A Python library and CLI tool that converts HTML into clean, readable Markdown-formatted plain text.
html2text is a Python library and command-line utility that converts HTML into clean, readable plain text formatted as Markdown. It solves the problem of extracting meaningful text from web pages or HTML snippets while preserving formatting like bold, italics, and links in a Markdown-compatible way. This makes it useful for developers, writers, and anyone needing to transform HTML content into a more portable text format.
Python developers, technical writers, and content creators who need to programmatically convert HTML to Markdown for documentation, data processing, or content migration tasks.
Developers choose html2text for its simplicity, configurability, and dual CLI/library interface, offering a straightforward, dependency-light alternative to more complex HTML parsing tools.
Convert HTML to Markdown-formatted text.
Open-Awesome is built by the community, for the community.
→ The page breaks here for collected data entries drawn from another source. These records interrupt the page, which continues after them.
lemma support_subset: "B \<in> support \<pi> \<Longrightarrow> B \<subseteq> E"
  using vanish_outside unfolding support_def by blast

lemma finite_support: "finite (support \<pi>)"
  using finite_E support_subset by (metis Pow_iff finite_Pow_iff finite_subset subsetI)

lemma indep_subset: "J \<in> indep \<pi> \<Longrightarrow> J \<subseteq> E"
  unfolding indep_def using support_subset by blast

lemma link_mass_nonneg: "0 \<le> link_mass \<pi> J"
  unfolding link_mass_def by (simp add: nonneg sum_nonneg)

lemma link_mass_pos:
  assumes "J \<in> indep \<pi>"
  shows "0 < link_mass \<pi> J"
proof -
  obtain B where "B \<in> support \<pi>" "J \<subseteq> B" using assms unfolding indep_def by blast
  moreover from this have "0 < \<pi> B" using nonneg[of B] unfolding support_def by simp
  ultimately show ?thesis
    unfolding link_mass_def using finite_support nonneg by (intro sum_pos2[of _ B]) auto
qed

lemma link_poly_ones:
  assumes "J \<subseteq> E"
  shows "link_poly E \<pi> J (\<lambda>_. 1) = link_mass \<pi> J"
proof -
  have "link_poly E \<pi> J (\<lambda>_. 1) = (\<Sum>B\<in>{B. J \<subseteq> B \<and> B \<subseteq> E}. \<pi> B)"
    unfolding link_poly_def gen_poly_def
    by (rule sum.reindex_bij_witness[where i = "\<lambda>B. B - J" and j = "\<lambda>T. T \<union> J"])
      (use assms in auto)
  also have "\<dots> = link_mass \<pi> J"
    unfolding link_mass_def using finite_E support_subset vanish_outside
    by (intro sum.mono_neutral_right) (auto simp: support_def)
  finally show ?thesis .
qed

text \<open>Each \<open>B \<supseteq> J\<close> in the support is counted once for each of its \<open>r - |J|\<close> elements outside \<open>J\<close>.\<close>
lemma sum_link_mass_insert:
  assumes "J \<subseteq> E"
  shows "(\<Sum>j\<in>E - J. link_mass \<pi> (insert j J)) = real (r - card J) * link_mass \<pi> J"
proof -
  have "(\<Sum>j\<in>E - J. link_mass \<pi> (insert j J))
      = (\<Sum>B\<in>support \<pi>. \<Sum>j\<in>E - J. if insert j J \<subseteq> B then \<pi> B else 0)"
    unfolding link_mass_def using finite_support finite_E
    by (simp add: sum.inter_filter sum.swap[of _ "E - J"])
  also have "\<dots> = (\<Sum>B\<in>support \<pi>. if J \<subseteq> B then real (r - card J) * \<pi> B else 0)"
  proof (intro sum.cong refl)
    fix B assume B: "B \<in> support \<pi>"
    have "finite J" using assms finite_E finite_subset by blast
    then have "J \<subseteq> B \<Longrightarrow> card (B - J) = r - card J"
      using card_support[OF B] by (simp add: card_Diff_subset)
    moreover have "{j \<in> E - J. j \<in> B} = B - J" using support_subset[OF B] by auto
    ultimately show "(\<Sum>j\<in>E - J. if insert j J \<subseteq> B then \<pi> B else 0)
        = (if J \<subseteq> B then real (r - card J) * \<pi> B else 0)"
      using finite_E by (auto simp: sum.inter_filter[symmetric])
  qed
  also have "\<dots> = real (r - card J) * link_mass \<pi> J"
    unfolding link_mass_def using finite_support
    by (simp add: sum.inter_filter sum_distrib_left if_distrib cong: if_cong)
  finally show ?thesis .
qed

lemma sum_link_mass_Omega:
  assumes "J \<subseteq> E"
  shows "(\<Sum>x\<in>Omega E \<pi> J. link_mass \<pi> (insert x J)) = real (r - card J) * link_mass \<pi> J"
proof -
  have "(\<Sum>x\<in>Omega E \<pi> J. link_mass \<pi> (insert x J)) = (\<Sum>x\<in>E - J. link_mass \<pi> (insert x J))"
    using finite_E link_mass_eq_0 unfolding Omega_def by (intro sum.mono_neutral_left) auto
  then show ?thesis using sum_link_mass_insert[OF assms] by simp
qed

end

locale link_walk = homogeneous_weights E \<pi> r for E :: "'a::linorder set" and \<pi> r +
  fixes I :: "'a set"
  assumes I_indep: "I \<in> indep \<pi>"
    and card_I: "card I + 2 \<le> r"
begin

abbreviation k :: nat where "k \<equiv> r - card I"

definition pair_mass :: "'a \<Rightarrow> 'a \<Rightarrow> real" where
  "pair_mass x y = (if x = y then 0 else link_mass \<pi> (insert x (insert y I)))"

definition link_kernel :: "'a \<Rightarrow> 'a \<Rightarrow> real" where
  "link_kernel x y = pair_mass x y / (real k * real (k - 1) * link_mass \<pi> I)"

lemma I_subset: "I \<subseteq> E"
  using I_indep by (rule indep_subset)

lemma finite_I: "finite I"
  using I_subset finite_E by (rule finite_subset)

lemma mem_Omega: "x \<in> Omega E \<pi> I \<longleftrightarrow> x \<notin> I \<and> insert x I \<in> indep \<pi>"
  unfolding Omega_def using indep_subset by blast

lemma finite_Omega: "finite (Omega E \<pi> I)"
  using finite_E unfolding Omega_def by simp

lemma link_mass_I_pos: "0 < link_mass \<pi> I"
  using I_indep by (rule link_mass_pos)

lemma k_pos: "0 < real k" "0 < real (k - 1)"
  using card_I by auto

lemma pi_link_eq:
  assumes "x \<in> Omega E \<pi> I"
  shows "pi_link \<pi> r I x = link_mass \<pi> (insert x I) / (real k * link_mass \<pi> I)"
proof -
  have "r - card (insert x I) = k - 1" using assms finite_I mem_Omega by simp
  then have "pi_link \<pi> r I x = fact (k - 1) * link_mass \<pi> (insert x I) / (fact k * link_mass \<pi> I)"
    unfolding pi_link_def wt_eq_link_mass by simp
  also have "\<dots> = link_mass \<pi> (insert x I) / (real k * link_mass \<pi> I)"
    using k_pos by (simp add: fact_reduce[of k])
  finally show ?thesis .
qed

lemma pi_link_pos: "x \<in> Omega E \<pi> I \<Longrightarrow> 0 < pi_link \<pi> r I x"
  using link_mass_pos mem_Omega link_mass_I_pos k_pos by (simp add: pi_link_eq)

lemma sum_pi_link: "(\<Sum>x\<in>Omega E \<pi> I. pi_link \<pi> r I x) = 1"
  using sum_link_mass_Omega[OF I_subset] link_mass_I_pos k_pos
  by (simp add: pi_link_eq sum_divide_distrib[symmetric])

lemma sum_pair_mass:
  assumes "x \<in> Omega E \<pi> I"
  shows "(\<Sum>y\<in>Omega E \<pi> I. pair_mass x y) = real (k - 1) * link_mass \<pi> (insert x I)"
proof -
  have x: "x \<notin> I" "insert x I \<subseteq> E" using assms mem_Omega indep_subset by auto
  have "(\<Sum>y\<in>Omega E \<pi> I. pair_mass x y)
      = (\<Sum>y\<in>Omega E \<pi> (insert x I). link_mass \<pi> (insert y (insert x I)))"
  proof (rule sum.mono_neutral_cong_right[OF finite_Omega])
    show "Omega E \<pi> (insert x I) \<subseteq> Omega E \<pi> I"
      unfolding Omega_def indep_def by auto
    show "\<forall>y\<in>Omega E \<pi> I - Omega E \<pi> (insert x I). pair_mass x y = 0"
      unfolding pair_mass_def Omega_def by (auto simp: insert_commute intro!: link_mass_eq_0)
    show "pair_mass x y = link_mass \<pi> (insert y (insert x I))" if "y \<in> Omega E \<pi> (insert x I)" for y
      using that unfolding pair_mass_def Omega_def by (auto simp: insert_commute)
  qed
  also have "\<dots> = real (k - 1) * link_mass \<pi> (insert x I)"
    using sum_link_mass_Omega[OF x(2)] x(1) finite_I by simp
  finally show ?thesis .
qed

lemma P_down_up_eq:
  assumes "x \<in> Omega E \<pi> I" "y \<in> Omega E \<pi> I"
  shows "P_down_up \<pi> r I x y = (if x = y then 1/2 else link_kernel x y / (2 * pi_link \<pi> r I x))"
proof (cases "x = y")
  case False
  have "r - card (insert x I) = k - 1" "r - card (insert x (insert y I)) = k - 1 - 1"
    using assms False finite_I mem_Omega by auto
  then have "P_down_up \<pi> r I x y
      = fact (k - 1 - 1) * link_mass \<pi> (insert x (insert y I))
        / (2 * (fact (k - 1) * link_mass \<pi> (insert x I)))"
    using False by (simp add: P_down_up_def wt_def[symmetric] wt_eq_link_mass link_mass_eq_0)
  also have "\<dots> = link_mass \<pi> (insert x (insert y I)) / (2 * real (k - 1) * link_mass \<pi> (insert x I))"
  proof -
    have "(fact (k - 1) :: real) = real (k - 1) * fact (k - 1 - 1)"
      using k_pos by (intro fact_reduce) simp
    then show ?thesis by simp
  qed
  also have "\<dots> = link_kernel x y / (2 * pi_link \<pi> r I x)"
    using False link_mass_I_pos k_pos
    unfolding link_kernel_def pair_mass_def pi_link_eq[OF assms(1)]
    by (simp add: field_simps del: of_nat_diff)
  finally show ?thesis using False by simp
qed (simp add: P_down_up_def)

lemma walk_kernel_link: "walk_kernel (Omega E \<pi> I) (pi_link \<pi> r I) link_kernel"
proof
  show "link_kernel x y = link_kernel y x" for x y
    unfolding link_kernel_def pair_mass_def by (simp add: insert_commute)
  show "0 \<le> link_kernel x y" for x y
    unfolding link_kernel_def pair_mass_def
    using link_mass_nonneg link_mass_I_pos k_pos by simp
  show "(\<Sum>y\<in>Omega E \<pi> I. link_kernel x y) = pi_link \<pi> r I x" if "x \<in> Omega E \<pi> I" for x
    using sum_pair_mass[OF that] link_mass_I_pos k_pos
    unfolding link_kernel_def pi_link_eq[OF that] by (simp add: sum_divide_distrib[symmetric])
qed (auto simp: finite_Omega pi_link_pos sum_pi_link link_kernel_def pair_mass_def)

lemma two_points_Omega:
  obtains u v where "u \<in> Omega E \<pi> I" "v \<in> Omega E \<pi> I" "u \<noteq> v"
proof -
  obtain B where B: "B \<in> support \<pi>" "I \<subseteq> B" using I_indep unfolding indep_def by blast
  then have "2 \<le> card (B - I)" using card_support[OF B(1)] card_I finite_I by (simp add: card_Diff_subset)
  then obtain T where "T \<subseteq> B - I" "card T = 2" by (rule obtain_subset_with_card_n)
  then obtain u v where "u \<in> B - I" "v \<in> B - I" "u \<noteq> v" by (auto simp: card_2_iff)
  then have "u \<in> Omega E \<pi> I" "v \<in> Omega E \<pi> I"
    using B support_subset unfolding Omega_def indep_def by blast+
  then show ?thesis using that \<open>u \<noteq> v\<close> by blast
qed

lemma hessian_ln_link_poly:
  assumes "i \<in> Omega E \<pi> I" "j \<in> Omega E \<pi> I"
  shows "partial i (partial j (\<lambda>x. ln (link_poly E \<pi> I x))) (\<lambda>_. 1)
    = (pair_mass i j * link_mass \<pi> I - link_mass \<pi> (insert i I) * link_mass \<pi> (insert j I))
      / (link_mass \<pi> I)\<^sup>2"
proof -
  have ij: "i \<in> E - I" "j \<in> E - I" "insert i I \<subseteq> E" "insert j I \<subseteq> E"
    using assms mem_Omega indep_subset by auto
  have Fj: "affine_in j (link_poly E \<pi> I) (link_poly E \<pi> (insert j I))"
    using finite_E ij(2) by (rule affine_in_link_poly)
  have Fi: "affine_in i (link_poly E \<pi> I) (link_poly E \<pi> (insert i I))"
    using finite_E ij(1) by (rule affine_in_link_poly)
  define Fij where "Fij = (if i = j then (\<lambda>_. 0) else link_poly E \<pi> (insert i (insert j I)))"
  have "affine_in i (link_poly E \<pi> (insert j I)) Fij"
    unfolding Fij_def using ij finite_E
    by (auto intro: affine_in_link_poly affine_in_link_poly_const)
  moreover have "0 < link_poly E \<pi> I (\<lambda>_. 1)"
    using link_mass_I_pos by (simp add: link_poly_ones I_subset)
  ultimately have "partial i (partial j (\<lambda>x. ln (link_poly E \<pi> I x))) (\<lambda>_. 1)
    = (Fij (\<lambda>_. 1) * link_poly E \<pi> I (\<lambda>_. 1)
        - link_poly E \<pi> (insert i I) (\<lambda>_. 1) * link_poly E \<pi> (insert j I) (\<lambda>_. 1))
      / (link_poly E \<pi> I (\<lambda>_. 1))\<^sup>2"
    by (rule hessian_ln_affine_in[OF Fj Fi])
  moreover have "Fij (\<lambda>_. 1) = pair_mass i j"
    unfolding Fij_def pair_mass_def using ij by (simp add: link_poly_ones)
  ultimately show ?thesis
    by (simp add: link_poly_ones[OF I_subset] link_poly_ones[OF ij(3)] link_poly_ones[OF ij(4)])
qed

lemma link_quadratic_le:
  assumes "strongly_log_concave E \<pi>"
  shows "link_mass \<pi> I * (\<Sum>x\<in>Omega E \<pi> I. \<Sum>y\<in>Omega E \<pi> I. pair_mass x y * h x * h y)
    \<le> (\<Sum>x\<in>Omega E \<pi> I. link_mass \<pi> (insert x I) * h x)\<^sup>2"
proof -
  let ?\<Omega> = "Omega E \<pi> I" and ?Z = "link_mass \<pi> I" and ?S = "\<lambda>x. link_mass \<pi> (insert x I)"
  let ?H = "\<lambda>i j. partial i (partial j (\<lambda>x. ln (link_poly E \<pi> I x))) (\<lambda>_. 1)"
  define v where "v x = (if x \<in> ?\<Omega> then h x else 0)" for x
  have "?\<Omega> \<subseteq> E" unfolding Omega_def by blast
  have "0 \<ge> (\<Sum>i\<in>E. \<Sum>j\<in>E. v i * v j * ?H i j)"
    using assms[unfolded strongly_log_concave_def, rule_format, OF I_subset, of v]
    by (simp only: partial_set_gen_poly[OF finite_E I_subset])
  also have "(\<Sum>i\<in>E. \<Sum>j\<in>E. v i * v j * ?H i j) = (\<Sum>i\<in>?\<Omega>. \<Sum>j\<in>E. v i * v j * ?H i j)"
    using finite_E \<open>?\<Omega> \<subseteq> E\<close> by (intro sum.mono_neutral_right) (auto simp: v_def)
  also have "\<dots> = (\<Sum>i\<in>?\<Omega>. \<Sum>j\<in>?\<Omega>. h i * h j * ?H i j)"
    using finite_E \<open>?\<Omega> \<subseteq> E\<close>
    by (intro sum.cong refl sum.mono_neutral_cong_right) (auto simp: v_def)
  also have "\<dots> = (\<Sum>i\<in>?\<Omega>. \<Sum>j\<in>?\<Omega>. (?Z * (pair_mass i j * h i * h j) - (?S i * h i) * (?S j * h j)) / ?Z\<^sup>2)"
    by (intro sum.cong refl) (simp add: hessian_ln_link_poly algebra_simps)
  also have "\<dots> = (?Z * (\<Sum>x\<in>?\<Omega>. \<Sum>y\<in>?\<Omega>. pair_mass x y * h x * h y) - (\<Sum>x\<in>?\<Omega>. ?S x * h x)\<^sup>2) / ?Z\<^sup>2"
    unfolding power2_eq_square[of "\<Sum>x\<in>?\<Omega>. ?S x * h x"] sum_product
    by (simp add: sum_divide_distrib[symmetric] sum_subtractf sum_distrib_left)
  finally show ?thesis using link_mass_I_pos by (simp add: divide_le_0_iff)
qed

lemma spectral_walk_kernel_link:
  assumes "strongly_log_concave E \<pi>"
  shows "spectral_walk_kernel (Omega E \<pi> I) (pi_link \<pi> r I) link_kernel"
proof -
  interpret walk_kernel "Omega E \<pi> I" "pi_link \<pi> r I" link_kernel by (rule walk_kernel_link)
  show ?thesis
  proof
    fix h assume centred: "expect (Omega E \<pi> I) (pi_link \<pi> r I) h = 0"
    have "expect (Omega E \<pi> I) (pi_link \<pi> r I) h
        = (\<Sum>x\<in>Omega E \<pi> I. link_mass \<pi> (insert x I) * h x) / (real k * link_mass \<pi> I)"
      unfolding expect_def sum_divide_distrib by (intro sum.cong refl) (simp add: pi_link_eq)
    then have "(\<Sum>x\<in>Omega E \<pi> I. link_mass \<pi> (insert x I) * h x) = 0"
      using centred link_mass_I_pos k_pos by simp
    then have "(\<Sum>x\<in>Omega E \<pi> I. \<Sum>y\<in>Omega E \<pi> I. pair_mass x y * h x * h y) \<le> 0"
      using link_quadratic_le[OF assms, of h] link_mass_I_pos by (simp add: mult_le_0_iff)
    moreover have "(\<Sum>x\<in>Omega E \<pi> I. \<Sum>y\<in>Omega E \<pi> I. link_kernel x y * h x * h y)
        = (\<Sum>x\<in>Omega E \<pi> I. \<Sum>y\<in>Omega E \<pi> I. pair_mass x y * h x * h y)
          / (real k * real (k - 1) * link_mass \<pi> I)"
      unfolding link_kernel_def sum_divide_distrib by simp
    ultimately show "(\<Sum>x\<in>Omega E \<pi> I. \<Sum>y\<in>Omega E \<pi> I. link_kernel x y * h x * h y) \<le> 0"
      using link_mass_I_pos k_pos by (simp add: divide_le_0_iff)
  qed
qed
Submit a project, suggest an awesome list, or help improve the catalog on GitHub.
Directly converts HTML tags like <strong> to **bold** and <a> to [link](url), as shown in the Python example with Zed's dead baby output.
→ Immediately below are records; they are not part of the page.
(* Fix $0<\tau\le1$, $m>0$ and $\alpha=\frac{\tau}{2\tau+2m}$. There exist $S=S(\alpha)\ge2$ (depending also on $d$) and $\delta_0>0$ such that for every $\delta\in(0,\delta_0)$, with the integer $r$ determined by $2^{-r}\le\delta^S<2^{-r+1}$, the following holds: for every $\omega_1\in\Omega$ and every fixed cube $Q\in\mathcal{D}_1=\mathcal{D}(\omega_1)$, $$\mathbb{P}_{\omega_2}\{Q\text{ is bad}\}\le\delta^2,$$ and symmetrically $\mathbb{P}_{\omega_1}\{R\text{ is bad}\}\le\delta^2$ for every fixed $R\in\mathcal{D}_2=\mathcal{D}(\omega_2)$.
   Context: Fix a unit cube $Q_*\subset\mathbb{R}^d$. $\Omega=(-1/40,1/40]^d$ with normalized Lebesgue measure $\mathbb{P}$. For $\omega\in\Omega$, $\mathcal{D}(\omega)$ is the collection of all dyadic subcubes of $\omega+Q_*$ (obtained by repeated subdivision into $2^d$ children). $\omega_1,\omega_2\in\Omega$ are independent. The skeleton of a cube $R$ is $sk\,R=\bigcup_{i=1}^{2^d}\partial R_i$, $R_i$ the dyadic children of $R$; $\ell(\cdot)$ is side length. A cube $Q\in\mathcal{D}_1$ is bad if there is $R\in\mathcal{D}_2$ with $\ell(R)\ge2^r\ell(Q)$ and $\operatorname{dist}(Q,sk\,R)<\ell(Q)^\alpha\ell(R)^{1-\alpha}$; badness of $R\in\mathcal{D}_2$ is defined symmetrically with respect to $\mathcal{D}_1$. *)

theory Defs
  imports "HOL-Analysis.Analysis"
begin

definition cube :: "real^'n \<Rightarrow> real \<Rightarrow> (real^'n) set" where
  "cube a s = {x. \<forall>i. a$i \<le> x$i \<and> x$i \<le> a$i + s}"

definition children :: "real^'n \<Rightarrow> real \<Rightarrow> ((real^'n) \<times> real) set" where
  "children a s = {(a + (\<chi> i. (s/2) * real (e i)), s/2) | e. \<forall>i. e i \<in> {0::nat, 1}}"

definition skel :: "real^'n \<Rightarrow> real \<Rightarrow> (real^'n) set" where
  "skel a s = (\<Union>(b,t)\<in>children a s. frontier (cube b t))"

text \<open>The dyadic system of the shifted cube \<omega> + Q_*, where Q_* = cube c 1,
  represented by (corner, side length) pairs.\<close>
definition dyadic :: "real^'n \<Rightarrow> real^'n \<Rightarrow> ((real^'n) \<times> real) set" where
  "dyadic c \<omega> = {(c + \<omega> + (\<chi> i. real (j i) / 2^k), 1 / 2^k) | k j.
      \<forall>i. j i < (2::nat)^k}"

definition Omega :: "(real^'n) set" where
  "Omega = {\<omega>. \<forall>i. -1/40 < \<omega>$i \<and> \<omega>$i \<le> 1/40}"

definition bad :: "int \<Rightarrow> real \<Rightarrow> ((real^'n) \<times> real) set \<Rightarrow> real^'n \<Rightarrow> real \<Rightarrow> bool" where
  "bad r \<alpha> D a s \<longleftrightarrow> (\<exists>(b,t)\<in>D. t \<ge> 2 powr (real_of_int r) * s \<and>
      setdist (cube a s) (skel b t) < s powr \<alpha> * t powr (1 - \<alpha>))"

end

theory Submission
  imports Defs
begin

text \<open>
  A cube (a,s) of one dyadic system can only be bad through a cube of the other system of side
  2^-k \<ge> 2^r s whose skeleton comes within e_k = s^\<alpha> 2^(-k(1-\<alpha>)) of (a,s). That skeleton
  lies on the hyperplanes x_i = c_i + \<omega>_i + n 2^-(k+1), so \<omega> must lie in one of
  d (2^(k+1) + 1) slabs of width s + 2 e_k, of total measure O((s 2^k)^\<alpha>). Summing this
  geometric series over the admissible k bounds the probability by O(2^(-r\<alpha>)) = O(\<delta>^(S\<alpha>)),
  which is at most \<delta>^2 for S = 3/\<alpha> and small \<delta>. Badness is an open condition on \<omega>,
  which gives measurability.
\<close>

lemma cube_eq_cbox: "cube a s = cbox a (\<chi> i. a$i + s)"
  by (auto simp: cube_def mem_box_cart)

lemma skel_eq_Union:
  "skel b t = (\<Union>e\<in>{e. \<forall>i. e i \<in> {0::nat,1}}. frontier (cube (b + (\<chi> i. (t/2) * real (e i))) (t/2)))"
  unfolding skel_def children_def by auto

lemma corner_in_skel:
  assumes "0 < t"
  shows "b \<in> skel b t"
proof -
  have zero: "(\<lambda>_. 0) \<in> {e. \<forall>i. e i \<in> {0::nat,1}}"
    by simp
  have "b \<in> frontier (cube (b + (\<chi> i. (t/2) * real ((\<lambda>_. 0::nat) i))) (t/2))"
    using assms by (simp add: cube_eq_cbox frontier_cbox mem_box_cart)
  then show ?thesis
    unfolding skel_eq_Union by (intro UN_I[OF zero])
qed

lemma cube_translation: "cube (b + w) t = (+) w ` cube b t"
proof -
  have "cube (b + w) t = cbox (b + w) ((\<chi> i. b$i + t) + w)"
    by (auto simp: cube_def mem_box_cart algebra_simps)
  then show ?thesis
    by (simp only: cube_eq_cbox cbox_shift)
qed

lemma skel_translation: "skel (b + w) t = (+) w ` skel b t"
proof -
  have "cube (b + w + v) u = (+) w ` cube (b + v) u" for v u
    using cube_translation[of "b + v" w u] by (simp add: add_ac)
  then show ?thesis
    unfolding skel_eq_Union by (auto simp: frontier_translation)
qed

lemma skel_coordinate_on_grid:
  assumes "y \<in> skel b t"
  obtains i and m :: nat where "m \<le> 2" "y$i = b$i + real m * (t/2)"
proof -
  from assms obtain e where e: "\<forall>i. e i \<in> {0::nat,1}"
    and "y \<in> frontier (cube (b + (\<chi> i. (t/2) * real (e i))) (t/2))"
    unfolding skel_eq_Union by auto
  moreover have "(\<chi> i. (b + (\<chi> i. (t/2) * real (e i)))$i + t/2) = b + (\<chi> i. (t/2) * real (e i + 1))"
    by (simp add: vec_eq_iff algebra_simps)
  ultimately have y: "y \<in> cbox (b + (\<chi> i. (t/2) * real (e i))) (b + (\<chi> i. (t/2) * real (e i + 1)))
      - box (b + (\<chi> i. (t/2) * real (e i))) (b + (\<chi> i. (t/2) * real (e i + 1)))"
    by (simp add: cube_eq_cbox frontier_cbox)
  then obtain i where "\<not> (b$i + (t/2) * real (e i) < y$i \<and> y$i < b$i + (t/2) * real (e i + 1))"
    by (auto simp: mem_box_cart)
  moreover have "b$i + (t/2) * real (e i) \<le> y$i" "y$i \<le> b$i + (t/2) * real (e i + 1)"
    using y by (auto simp: mem_box_cart)
  ultimately have on_face: "y$i = b$i + real (e i) * (t/2) \<or> y$i = b$i + real (e i + 1) * (t/2)"
    by (simp only: mult.commute) linarith
  have "e i \<le> 1"
    using e[rule_format, of i] by auto
  with on_face show thesis
    using that[of "e i" i] that[of "e i + 1" i] by linarith
qed

lemma setdist_cube_skel_lt_imp_near_grid:
  assumes "setdist (cube a s) (skel b t) < e" "0 \<le> s" "0 < t"
  obtains i and m :: nat where "m \<le> 2"
    "a$i - e < b$i + real m * (t/2)" "b$i + real m * (t/2) < a$i + s + e"
proof -
  have "a \<in> cube a s" "b \<in> skel b t"
    using assms(2,3) corner_in_skel by (auto simp: cube_def)
  then obtain x y where x: "x \<in> cube a s" and y: "y \<in> skel b t" and "dist x y < e"
    using setdist_ltE[OF assms(1)] by blast
  moreover obtain i m where "m \<le> 2" "y$i = b$i + real m * (t/2)"
    using skel_coordinate_on_grid[OF y] .
  moreover have "\<bar>x$i - y$i\<bar> \<le> dist x y"
    using component_le_norm_cart[of "x - y" i] by (simp add: dist_norm)
  moreover have "a$i \<le> x$i" "x$i \<le> a$i + s"
    using x by (auto simp: cube_def)
  ultimately show thesis
    using that[of m i] by (simp add: abs_less_iff)
qed

lemma dyadic_side_pos: "(a, s) \<in> dyadic c \<omega> \<Longrightarrow> 0 < s"
  by (auto simp: dyadic_def)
Offers command-line flags such as --ignore-links and --escape-all, and Python settings like ignore_links for customizable formatting, detailed in the usage section.
Can be used as a CLI tool for quick conversions or imported as a Python library for programmatic integration, demonstrated in the README with both modes.
Available on PyPI with a simple pip install, has minimal dependencies, and focuses on simplicity without heavy external libraries.
The --escape-all option admits corner case issues, indicating it can struggle with complex or malformed HTML, requiring trade-offs in output readability.
Focuses on core Markdown elements; lacks support for advanced features like tables, nested lists, or modern Markdown extensions, which may limit comprehensive conversions.
Documentation is linked externally and might be incomplete, as the README only provides basic examples, leaving users to explore usage details on their own.